Saying nothing is not an option. What if we stepped forward into every opportunity to share openly about these topics?

Model of effective parenting: showing these things regularly to create a context where self-esteem can grow.

Affection

  • this communicates love

  • spending time with your child is key

Approach

  • approach their world get to know it

  • get involved in their interests

  • learn from them: “show me”

  • be genuine in that interest them

Accept

  • accept them for who they are in that moment - sometimes they don’t want to talk, sometimes they’re moody. Remain flexible and calm.

Be available

  • find times intentionally to be there physically and emotionally

  • the power of our presence is massive: be there with them and for them

  • be an ongoing consistent stable presence in their lives

  • their need for it will change - but they will absorb so much from you if you are there for them

  • create space for them

Affirmation

  • compliment them and thank them

  • listen attentively in affirming

  • don’t fall into the “kingdom of you”: we want children to look outside themselves to see their place in the bigger picture

  • affirm them as a child of God:

    • created

    • chosen

    • known

    • empowered to call him Father

    • redeemed from all wrongdoings

Advice

  • why should we stop giving advice when it comes from relationships?

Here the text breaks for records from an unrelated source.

lemma vecmat_Tr:
  "vecmat M (Tr M r b) P = (\<lambda>j. \<Sum>k=r..M. b k / (\<Sum>i=r..M. b i) * P k j)"
proof
  fix j
  have "vecmat M (Tr M r b) P j = (\<Sum>k=r..M. Tr M r b k * P k j)"
    unfolding vecmat_def by (rule sum.mono_neutral_right) (auto simp: Tr_def)
  also have "\<dots> = (\<Sum>k=r..M. b k / (\<Sum>i=r..M. b i) * P k j)"
    by (rule sum.cong) (auto simp: Tr_def)
  finally show "vecmat M (Tr M r b) P j = (\<Sum>k=r..M. b k / (\<Sum>i=r..M. b i) * P k j)" .
qed

lemma prob_vec_vecmat_Tr:
  assumes "stochastic M P" "\<And>i. i \<le> M \<Longrightarrow> 0 \<le> b i" "(\<Sum>i=r..M. b i) > 0"
  shows "prob_vec M (vecmat M (Tr M r b) P)"
  unfolding vecmat_Tr using assms
  by (intro prob_vec_mixture) (auto simp: stochastic_def sum_divide_distrib[symmetric])

lemma sum_Vfo_rows_le_Vfo_vecmat_Tr:
  assumes "cl > 0" "cu > 0" "stochastic M P" "\<And>i. i \<le> M \<Longrightarrow> 0 \<le> b i"
    "(\<Sum>i=r..M. b i) > 0"
  shows "(\<Sum>i=r..M. b i * Vfo M cu cl beta P n (P i))
    \<le> (\<Sum>i=r..M. b i) * Vfo M cu cl beta P n (vecmat M (Tr M r b) P)"
proof -
  let ?S = "\<Sum>i=r..M. b i"
  have "(\<Sum>i=r..M. b i * Vfo M cu cl beta P n (P i))
      = ?S * (\<Sum>k=r..M. b k / ?S * Vfo M cu cl beta P n (P k))"
    using assms(5) by (simp add: sum_distrib_left)
  also have "\<dots> \<le> ?S * Vfo M cu cl beta P n (vecmat M (Tr M r b) P)"
    unfolding vecmat_Tr using assms
    by (intro mult_left_mono Vfo_mixture_ge)
      (auto simp: stochastic_def sum_divide_distrib[symmetric])
  finally show ?thesis .
qed

lemma Vfo_le_Vpo:
  assumes "cu > 0" "cl > 0" "0 \<le> beta" "stochastic M P" "prob_vec M b"
  shows "Vfo M cu cl beta P n b \<le> Vpo M cu cl beta P n b"
  using assms(5)
proof (induction n arbitrary: b)
  case 0
  then show ?case
    using Cbar_pim_le[OF 0 assms(2,1)] by (simp add: Min_ge_iff)
next
  case (Suc n)
  have nonneg: "\<And>i. i \<le> M \<Longrightarrow> 0 \<le> b i"
    using Suc.prems unfolding prob_vec_def by auto
  have rows: "\<And>i. i \<le> M \<Longrightarrow> prob_vec M (P i)"
    using assms(4) unfolding stochastic_def by auto
  let ?Vfo = "Vfo M cu cl beta P n" and ?Vpo = "Vpo M cu cl beta P n"
  have "Vfo M cu cl beta P (Suc n) b \<le> Cbar M cu cl b r + beta *
      ((if (\<Sum>i=r..M. b i) > 0 then (\<Sum>i=r..M. b i) * ?Vpo (vecmat M (Tr M r b) P) else 0)
       + (\<Sum>i=0..<r. b i * ?Vpo (P i)))" if r: "r \<le> M" for r
  proof -
    let ?S = "\<Sum>i=r..M. b i"
    have upper: "(\<Sum>i=r..M. b i * ?Vfo (P i))
        \<le> (if ?S > 0 then ?S * ?Vpo (vecmat M (Tr M r b) P) else 0)"
    proof (cases "?S > 0")
      case True
      have "?Vfo (vecmat M (Tr M r b) P) \<le> ?Vpo (vecmat M (Tr M r b) P)"
        using Suc.IH prob_vec_vecmat_Tr[OF assms(4) nonneg True] by blast
      then show ?thesis
        using sum_Vfo_rows_le_Vfo_vecmat_Tr[OF assms(2,1,4) nonneg True, of beta n] True
        by (simp add: order_trans)
    next
      case False
      then have "\<forall>i\<in>{r..M}. b i = 0"
        using nonneg sum_nonneg_eq_0_iff[of "{r..M}" b] sum_nonneg[of "{r..M}" b] by force
      then show ?thesis using False by simp
    qed
    have lower: "(\<Sum>i=0..<r. b i * ?Vfo (P i)) \<le> (\<Sum>i=0..<r. b i * ?Vpo (P i))"
      using r nonneg rows Suc.IH by (intro sum_mono mult_left_mono) auto
    have "Vfo M cu cl beta P (Suc n) b
        = Cbar M cu cl b (pim M cu cl b)
          + beta * ((\<Sum>i=r..M. b i * ?Vfo (P i)) + (\<Sum>i=0..<r. b i * ?Vfo (P i)))"
      using sum_split_at[of r M "\<lambda>i. b i * ?Vfo (P i)"] r by (simp add: add.commute)
    also have "\<dots> \<le> Cbar M cu cl b r + beta *
      ((if ?S > 0 then ?S * ?Vpo (vecmat M (Tr M r b) P) else 0) + (\<Sum>i=0..<r. b i * ?Vpo (P i)))"
      using Cbar_pim_le[OF Suc.prems assms(2,1) r] upper lower assms(3)
      by (intro add_mono mult_left_mono) auto
    finally show ?thesis .
  qed
  then show ?case by (simp add: Min_ge_iff)
qed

  • It’s an information exchange but also sharing values

  • knowledge gives confidence and courage

  • some of the best chats are in the least expected moments, so embrace them

Authority

  • our kids won’t do everything we tell them, but we can call them to live differently

  • if we think about God’s boundaries, they are good and loving

  • if there’s a “no” in His word, there’s a “yes” that is being protected

  • His authority doesn’t crush my freedom; it gives me freedom

Accountability

  • behaviour points to something in the heart, so you can try pick up on the deeper issues

  • your love for them is not based on what they do, but who they are

  • God still has problems with His children too

  • we can pray – it’s the best thing we can do, before doing anything

  • others will do it differently but only you can parent them

Pastoral

We need to stay in the mess. Let’s be constant, trusted presence in our children’s lives. We can love people without accepting all their ideas and behaviours. “Even though ____, I will love you.” Our kids need to hear that because they need to live that. In our attempt to show compassion, have we made compassion the focus? Have we made compassion a god? We need to speak truth and love. God’s love is limitless, but it does have boundaries. His compassion never cancels out truth and love.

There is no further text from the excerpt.